INSTRUCTIONS FOR THE TASK:
Copy out all the lines in the records that include the word "free".
+ + + + +
lemma continuous_map_lu_eval_scaled:
  assumes "z \<in> unit_disc"
  shows "continuous_map (prod_topology lu_top (top_of_set (cball 0 1))) euclidean (\<lambda>(h, x). h (x * z))"
proof -
  have "continuous_map (top_of_set (cball 0 1)) (top_of_set unit_disc) (\<lambda>x. x * z)"
    using assms mult_in_unit_disc
    by (auto simp: continuous_map_in_subtopology intro!: continuous_on_mult_right continuous_on_id)
  from continuous_map_compose[OF continuous_map_snd this]
  have "continuous_map (prod_topology lu_top (top_of_set (cball 0 1)))
      (prod_topology lu_top (top_of_set unit_disc)) (\<lambda>(h, x). (h, x * z))"
    by (simp add: continuous_map_pairwise o_def case_prod_unfold continuous_map_fst)
  from continuous_map_compose[OF this continuous_map_lu_eval] show ?thesis
    by (simp add: o_def case_prod_unfold)
qed

lemma Pop_eq_iff: "f \<in> anA \<Longrightarrow> f = Pop x h \<longleftrightarrow> (\<forall>z\<in>unit_disc. h (x * z) = f z)"
  unfolding anA_def Pop_def fun_eq_iff by auto

lemma Pop_1: "f \<in> anA \<Longrightarrow> Pop 1 f = f"
  unfolding anA_def Pop_def fun_eq_iff by auto

lemma Pop_Pop:
  assumes "cmod x \<le> 1"
  shows "Pop x (Pop y h) = Pop (x * y) h"
proof
  fix z show "Pop x (Pop y h) z = Pop (x * y) h z"
    using mult_in_unit_disc[OF assms, of z] by (simp add: Pop_def mult.assoc mult.left_commute)
qed

lemma Pop_0: "coeff_a 0 h = 1 \<Longrightarrow> Pop 0 h = e_one"
  unfolding Pop_def e_one_def coeff_a_def fun_eq_iff by simp

lemma holomorphic_on_scaled:
  assumes "h \<in> anA" "cmod x \<le> 1"
  shows "(\<lambda>w. h (x * w)) holomorphic_on unit_disc"
proof -
  have "(\<lambda>w. x * w) holomorphic_on unit_disc" "(\<lambda>w. x * w) ` unit_disc \<subseteq> unit_disc"
    using mult_in_unit_disc[OF assms(2)] by (auto intro: holomorphic_intros)
  with assms(1) show ?thesis
    unfolding anA_def using holomorphic_on_compose_gen[of _ unit_disc h unit_disc] by (simp add: o_def)
qed

lemma Pop_in_anA:
  assumes "h \<in> anA" "cmod x \<le> 1"
  shows "Pop x h \<in> anA"
proof -
  have "Pop x h holomorphic_on unit_disc"
    by (rule holomorphic_transform[OF holomorphic_on_scaled[OF assms]]) (simp add: Pop_def)
  then show ?thesis unfolding anA_def by (simp add: Pop_def)
qed

lemma coeff_a_Pop:
  assumes "h \<in> anA" "cmod x \<le> 1"
  shows "coeff_a k (Pop x h) = x ^ k * coeff_a k h"
proof -
  have hol: "h holomorphic_on unit_disc" using assms(1) unfolding anA_def by simp
  have "(deriv ^^ k) (Pop x h) 0 = (deriv ^^ k) (\<lambda>w. h (x * w)) 0"
    using Pop_in_anA[OF assms] holomorphic_on_scaled[OF assms] unfolding anA_def
    by (intro higher_deriv_transform_within_open[of _ unit_disc]) (auto simp: Pop_def)
  also have "\<dots> = x ^ k * (deriv ^^ k) h (x * 0)"
    by (rule higher_deriv_compose_linear[where S = unit_disc, OF hol _ _ _ mult_in_unit_disc[OF assms(2)]]) auto
  finally show ?thesis unfolding coeff_a_def by simp
qed

lemma hadamard_Pop:
  assumes "h \<in> anA" "cmod x \<le> 1" "z \<in> unit_disc"
  shows "hadamard (Pop x h) g z = hadamard h g (x * z)"
  unfolding hadamard_def using assms mult_in_unit_disc[OF assms(2,3)]
  by (simp add: coeff_a_Pop power_mult_distrib mult_ac)

lemma hadamard_at_0: "hadamard f g 0 = coeff_a 0 f * coeff_a 0 g"
proof -
  have "(\<lambda>k. coeff_a k f * coeff_a k g * 0 ^ k) = (\<lambda>k. if k = 0 then coeff_a k f * coeff_a k g else 0)"
    by (auto simp: fun_eq_iff)
  then show ?thesis
    unfolding hadamard_def using sums_single[of 0 "\<lambda>k. coeff_a k f * coeff_a k g"] by (simp add: sums_iff)
qed

lemma hadamard_e_one:
  assumes "g \<in> anA0" "z \<in> unit_disc"
  shows "hadamard e_one g z = 1"
proof -
  have "g \<in> anA" "coeff_a 0 g = 1" using assms(1) unfolding anA0_def by auto
  then show ?thesis
    using hadamard_Pop[of g 0 z g] assms(2) by (simp add: Pop_0 hadamard_at_0)
qed

lemma bor_subset: "bor V \<subseteq> V"
  unfolding bor_def by auto

lemma dual_antimono: "W \<subseteq> W' \<Longrightarrow> dual W' \<subseteq> dual W"
  unfolding dual_def by auto

lemma compactin_Pop_fibre:
  assumes "compactin lu_top V" "f \<in> anA"
  shows "compactin (prod_topology lu_top (top_of_set (cball 0 1)))
           {(h, x). h \<in> V \<and> x \<in> cball 0 1 \<and> f = Pop x h}"
proof -
  let ?X = "prod_topology lu_top (top_of_set (cball (0::complex) 1))"
  let ?E = "\<lambda>z. {p \<in> topspace ?X. (case p of (h, x) \<Rightarrow> h (x * z)) \<in> {f z}}"
  have "closedin ?X (\<Inter>z\<in>unit_disc. ?E z)"
    using closedin_continuous_map_preimage[OF continuous_map_lu_eval_scaled closed_singleton[unfolded closed_closedin]]
    by (intro closedin_Inter) auto
  moreover have "compactin ?X (V \<times> cball 0 1)"
    using assms(1) by (simp add: compactin_Times compactin_subtopology)
  moreover have "{(h, x). h \<in> V \<and> x \<in> cball 0 1 \<and> f = Pop x h} = (\<Inter>z\<in>unit_disc. ?E z) \<inter> (V \<times> cball 0 1)"
    using compactin_subset_topspace[OF assms(1)]
    by (auto simp: Pop_eq_iff[OF assms(2)] topspace_lu_top)
  ultimately show ?thesis
    by (simp add: closed_Int_compactin)
qed
lemma generate_dihedral_adjacent_reflections:
  assumes n: "0 < n" and S: "S \<subseteq> carrier (dihedral n)"
    and refl: "dih n a True \<in> S" "dih n (a - 1) True \<in> S"
  shows "generate (dihedral n) S = carrier (dihedral n)"
proof
  interpret group "dihedral n" using group_dihedral[OF n] .
  let ?H = "generate (dihedral n) S"
  show "?H \<subseteq> carrier (dihedral n)"
    using S by (rule generate_incl)
  have "dih n a True \<otimes>\<^bsub>dihedral n\<^esub> dih n (a - 1) True \<in> ?H"
    using refl by (intro generate.eng generate.incl)
  then have rot: "dih n 1 False \<in> ?H"
    using n by (simp add: dih_mult)
  have rot_pow: "dih n (int k) False \<in> ?H" for k
  proof (induction k)
    case 0
    then show ?case using generate.one[of "dihedral n" S] by (simp add: one_dihedral)
  next
    case (Suc k)
    from generate.eng[OF Suc rot] show ?case
      using n by (simp add: dih_mult add.commute)
  qed
  show "carrier (dihedral n) \<subseteq> ?H"
  proof
    fix x assume "x \<in> carrier (dihedral n)"
    then obtain b e where x: "x = dih n b e" by (rule dihedral_elem_cases)
    define k where "k = nat ((b - (if e then a else 0)) mod int n)"
    have "int k = (b - (if e then a else 0)) mod int n"
      using n by (simp add: k_def)
    then have "[int k = b - (if e then a else 0)] (mod int n)"
      by simp
    then have rk: "dih n (int k) False = dih n (b - (if e then a else 0)) False"
      using n by (rule dih_cong[rotated])
    show "x \<in> ?H"
    proof (cases e)
      case True
      have "dih n (int k) False \<otimes>\<^bsub>dihedral n\<^esub> dih n a True \<in> ?H"
        by (rule generate.eng[OF rot_pow generate.incl[OF refl(1)]])
      then show ?thesis
        using n True by (simp add: x rk dih_mult)
    next
      case False
      then show ?thesis using rot_pow[of k] by (simp add: x rk)
    qed
  qed
qed
text \<open>Its length is the number
  of edges, i.e. length xs - 1.\<close>
definition augmenting_path ::
  "'l set \<Rightarrow> 'r set \<Rightarrow> ('l \<times> 'r) set \<Rightarrow> ('l + 'r) list \<Rightarrow> bool" where
  "augmenting_path A R M xs \<longleftrightarrow>
     2 \<le> length xs \<and> distinct xs \<and>
     (\<forall>i. Suc i < length xs \<longrightarrow>
        is_edge A R (xs ! i) (xs ! Suc i) \<and>
        (to_pair (xs ! i) (xs ! Suc i) \<in> M \<longleftrightarrow> odd i)) \<and>
     \<not> covered M (hd xs) \<and> \<not> covered M (last xs)"

definition symdiff :: "'a set \<Rightarrow> 'a set \<Rightarrow> 'a set" where
  "symdiff X Y = (X - Y) \<union> (Y - X)"

definition candidate ::
  "'l set \<Rightarrow> 'r set \<Rightarrow> ('l \<times> 'r) set \<Rightarrow> 'l \<Rightarrow> ('l + 'r) list \<Rightarrow> bool" where
  "candidate A R M ut P \<longleftrightarrow>
     augmenting_path A R M P \<and> Inl ut \<in> set P \<and> length P - 1 \<le> 3"

definition path_gain ::
  "('l \<Rightarrow> 'r \<Rightarrow> rat) \<Rightarrow> ('l \<times> 'r) set \<Rightarrow> ('l + 'r) list \<Rightarrow> rat" where
  "path_gain w M P = mweight w (symdiff M (pedges P)) - mweight w M"

text \<open>One step of the most-profitable-augmenting-path algorithm (ties broken arbitrarily).\<close>
definition alg_step ::
  "'l set \<Rightarrow> 'r set \<Rightarrow> ('l \<Rightarrow> 'r \<Rightarrow> rat) \<Rightarrow> 'l \<Rightarrow> ('l \<times> 'r) set \<Rightarrow> ('l \<times> 'r) set \<Rightarrow> bool" where
  "alg_step A R w ut M M' \<longleftrightarrow>
     (\<exists>P. candidate A R M ut P \<and>
          (\<forall>Q. candidate A R M ut Q \<longrightarrow> path_gain w M Q \<le> path_gain w M P) \<and>
          M' = symdiff M (pedges P))"

text \<open>Ms t is the matching at the beginning of timestep t, u t the vertex arriving at t.\<close>
definition alg_run ::
  "nat \<Rightarrow> (nat \<Rightarrow> 'l) \<Rightarrow> 'r set \<Rightarrow> ('l \<Rightarrow> 'r \<Rightarrow> rat) \<Rightarrow> (nat \<Rightarrow> ('l \<times> 'r) set) \<Rightarrow> bool" where
  "alg_run n u R w Ms \<longleftrightarrow>
     Ms 1 = {} \<and>
     (\<forall>t\<in>{1..n}. alg_step (u ` {1..t}) R w (u t) (Ms t) (Ms (Suc t)))"

definition R_exp :: "'r set \<Rightarrow> ('l \<times> 'r) set \<Rightarrow> 'r set" where
  "R_exp R M = R - Range M"

text \<open>Loss of v with respect to the current matching M (with max of empty set = 0).\<close>
definition loss ::
  "'r set \<Rightarrow> ('l \<Rightarrow> 'r \<Rightarrow> rat) \<Rightarrow> ('l \<times> 'r) set \<Rightarrow> 'r \<Rightarrow> rat" where
  "loss R w M v =
     (if v \<in> Range M then
        w (partner_R M v) v -
        (if R_exp R M = {} then 0 else Max ((\<lambda>v'. w (partner_R M v) v') ` R_exp R M))
      else 0)"

end

theory Submission
  imports Defs
begin

(* When u_t arrives, the current matching M_t only covers earlier arrivals, so u_t is free
   and, as |L| <= |R|, some right vertex is still free. Let v be any right vertex. If v is
   free, the single edge u_t v is an augmenting path of gain w(u_t, v). Otherwise v is
   matched to some a, and for a free v' maximising w(a, v') the path u_t v a v' has gain
   w(u_t, v) - loss_v. Both paths are candidates, so the chosen path gains at least as
   much; taking v = M*(u_t) gives the bound. *)

lemma is_matching_empty: "is_matching {}"
  by (simp add: is_matching_def)

lemma is_matching_insert:
  "is_matching M \<Longrightarrow> a \<notin> Domain M \<Longrightarrow> b \<notin> Range M \<Longrightarrow> is_matching (insert (a, b) M)"
  unfolding is_matching_def by blast

lemma is_matching_swap:
  "is_matching M \<Longrightarrow> (a, b) \<in> M \<Longrightarrow> a' \<notin> Domain M \<Longrightarrow> b' \<notin> Range M \<Longrightarrow>
    is_matching (insert (a', b) (insert (a, b') (M - {(a, b)})))"
  unfolding is_matching_def by (auto; blast)

lemma partner_L_in:
  assumes "is_matching M" "a \<in> Domain M"
  shows "(a, partner_L M a) \<in> M"
proof -
  from assms(2) obtain b where "(a, b) \<in> M" by blast
  with assms(1) show ?thesis
    unfolding partner_L_def by (rule_tac theI[of _ b]) (auto simp: is_matching_def)
qed

lemma partner_R_in:
  assumes "is_matching M" "b \<in> Range M"
  shows "(partner_R M b, b) \<in> M"
proof -
  from assms(2) obtain a where "(a, b) \<in> M" by blast
  with assms(1) show ?thesis
    unfolding partner_R_def by (rule_tac theI[of _ a]) (auto simp: is_matching_def)
qed

lemma left_perfect_partner_L:
  assumes "left_perfect A R M" "a \<in> A"
  shows "partner_L M a \<in> R"
proof -
  have "is_matching M" "a \<in> Domain M"
    using assms unfolding left_perfect_def by auto
  then have "(a, partner_L M a) \<in> M"
    by (rule partner_L_in)
  with assms(1) show ?thesis
    unfolding left_perfect_def by blast
qed

lemma card_Range_eq_card_Domain:
  assumes "is_matching M"
  shows "card (Range M) = card (Domain M)"
proof -
  have "inj_on fst M" "inj_on snd M"
    using assms unfolding is_matching_def inj_on_def by force+
  then show ?thesis
    by (simp add: Domain_fst Range_snd card_image)
qed

lemma R_exp_nonempty:
  assumes "finite R" "finite X" "card X < card R" "is_matching M" "M \<subseteq> X \<times> R"
  shows "R_exp R M \<noteq> {}"
proof
  assume "R_exp R M = {}"
  then have "R = Range M"
    using assms(5) unfolding R_exp_def by blast
  also have "card (Range M) = card (Domain M)"
    using assms(4) by (rule card_Range_eq_card_Domain)
  also have "\<dots> \<le> card X"
    using assms(2,5) by (intro card_mono) auto
  finally show False
    using assms(3) by simp
qed

lemma symdiff_insert_new: "(a, b) \<notin> M \<Longrightarrow> symdiff M {(a, b)} = insert (a, b) M"
  unfolding symdiff_def by blast

lemma symdiff_swap:
  "(a, b) \<in> M \<Longrightarrow> a' \<notin> Domain M \<Longrightarrow> b' \<notin> Range M \<Longrightarrow>
    symdiff M {(a', b), (a, b), (a, b')} = insert (a', b) (insert (a, b') (M - {(a, b)}))"
  unfolding symdiff_def by blast

lemma mweight_insert:
  "finite M \<Longrightarrow> (a, b) \<notin> M \<Longrightarrow> mweight w (insert (a, b) M) = w a b + mweight w M"
  by (simp add: mweight_def)

lemma mweight_remove:
  "finite M \<Longrightarrow> (a, b) \<in> M \<Longrightarrow> mweight w (M - {(a, b)}) = mweight w M - w a b"
  by (simp add: mweight_def sum_diff1)

lemma pedges_singleton [simp]: "pedges [x] = {}"
  by (simp add: pedges_def)

lemma pedges_Cons_Cons [simp]: "pedges (x # y # xs) = insert (to_pair x y) (pedges (y # xs))"
proof -
  have mem: "e \<in> pedges zs \<longleftrightarrow> (\<exists>i < length zs - 1. e = to_pair (zs ! i) (zs ! Suc i))"
    for e and zs :: "('a + 'b) list"
    unfolding pedges_def by (fastforce simp: less_diff_conv)
  show ?thesis
    by (rule set_eqI) (simp add: mem Ex_less_Suc2)
qed

lemma is_edge_Inl_Inr [simp]: "is_edge A R (Inl a) (Inr b) \<longleftrightarrow> a \<in> A \<and> b \<in> R"
  by (auto simp: is_edge_def)

lemma is_edge_Inr_Inl [simp]: "is_edge A R (Inr b) (Inl a) \<longleftrightarrow> a \<in> A \<and> b \<in> R"
  by (auto simp: is_edge_def)

lemma is_edge_cases:
  assumes "is_edge A R x y"
  obtains a b where "a \<in> A" "b \<in> R" "x = Inl a" "y = Inr b"
    | a b where "a \<in> A" "b \<in> R" "x = Inr b" "y = Inl a"
  using assms unfolding is_edge_def by blast

lemma augmenting_path_two_vertices:
  assumes "augmenting_path A R M [x0, x1]"
  obtains a b
  where "a \<in> A" "b \<in> R" "a \<notin> Domain M" "b \<notin> Range M" "pedges [x0, x1] = {(a, b)}"
proof -
  have "is_edge A R x0 x1" "\<not> covered M x0" "\<not> covered M x1"
    using assms unfolding augmenting_path_def by (auto dest: spec[of _ 0])
  then show ?thesis
    by (elim is_edge_cases) (auto simp: covered_def intro: that)
qed

lemma no_augmenting_path_three_vertices: "\<not> augmenting_path A R M [x0, x1, x2]"
proof
  assume "augmenting_path A R M [x0, x1, x2]"
  then have "is_edge A R x1 x2" "to_pair x1 x2 \<in> M" "\<not> covered M x2"
    unfolding augmenting_path_def by (auto dest: spec[of _ 1])
  then show False
    by (elim is_edge_cases) (auto simp: covered_def)
qed

lemma augmenting_path_four_vertices:
  assumes "augmenting_path A R M [x0, x1, x2, x3]"
  obtains a b a' b' where "a \<in> A" "b \<in> R" "a' \<in> A" "b' \<in> R" "(a, b) \<in> M"
    "a' \<notin> Domain M" "b' \<notin> Range M" "pedges [x0, x1, x2, x3] = {(a', b), (a, b), (a, b')}"
proof -
  let ?P = "[x0, x1, x2, x3]"
  have step: "is_edge A R (?P ! i) (?P ! Suc i) \<and>
      (to_pair (?P ! i) (?P ! Suc i) \<in> M \<longleftrightarrow> odd i)" if "i < 3" for i
    using assms that unfolding augmenting_path_def by auto
  have "is_edge A R x0 x1" "to_pair x0 x1 \<notin> M" "is_edge A R x1 x2" "to_pair x1 x2 \<in> M"
    "is_edge A R x2 x3" "to_pair x2 x3 \<notin> M"
    using step[of 0] step[of 1] step[of 2] by (simp_all add: numeral_eq_Suc)
  moreover have "\<not> covered M x0" "\<not> covered M x3"
    using assms unfolding augmenting_path_def by simp_all
  ultimately show ?thesis
    by (elim is_edge_cases) (auto simp: covered_def insert_commute intro: that)
qed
+ + + + +
RESPONSE AREA:
(* When u_t arrives, the current matching M_t only covers earlier arrivals, so u_t is free
   and, as |L| <= |R|, some right vertex is still free. Let v be any right vertex. If v is
   free, the single edge u_t v is an augmenting path of gain w(u_t, v). Otherwise v is
   matched to some a, and for a free v' maximising w(a, v') the path u_t v a v' has gain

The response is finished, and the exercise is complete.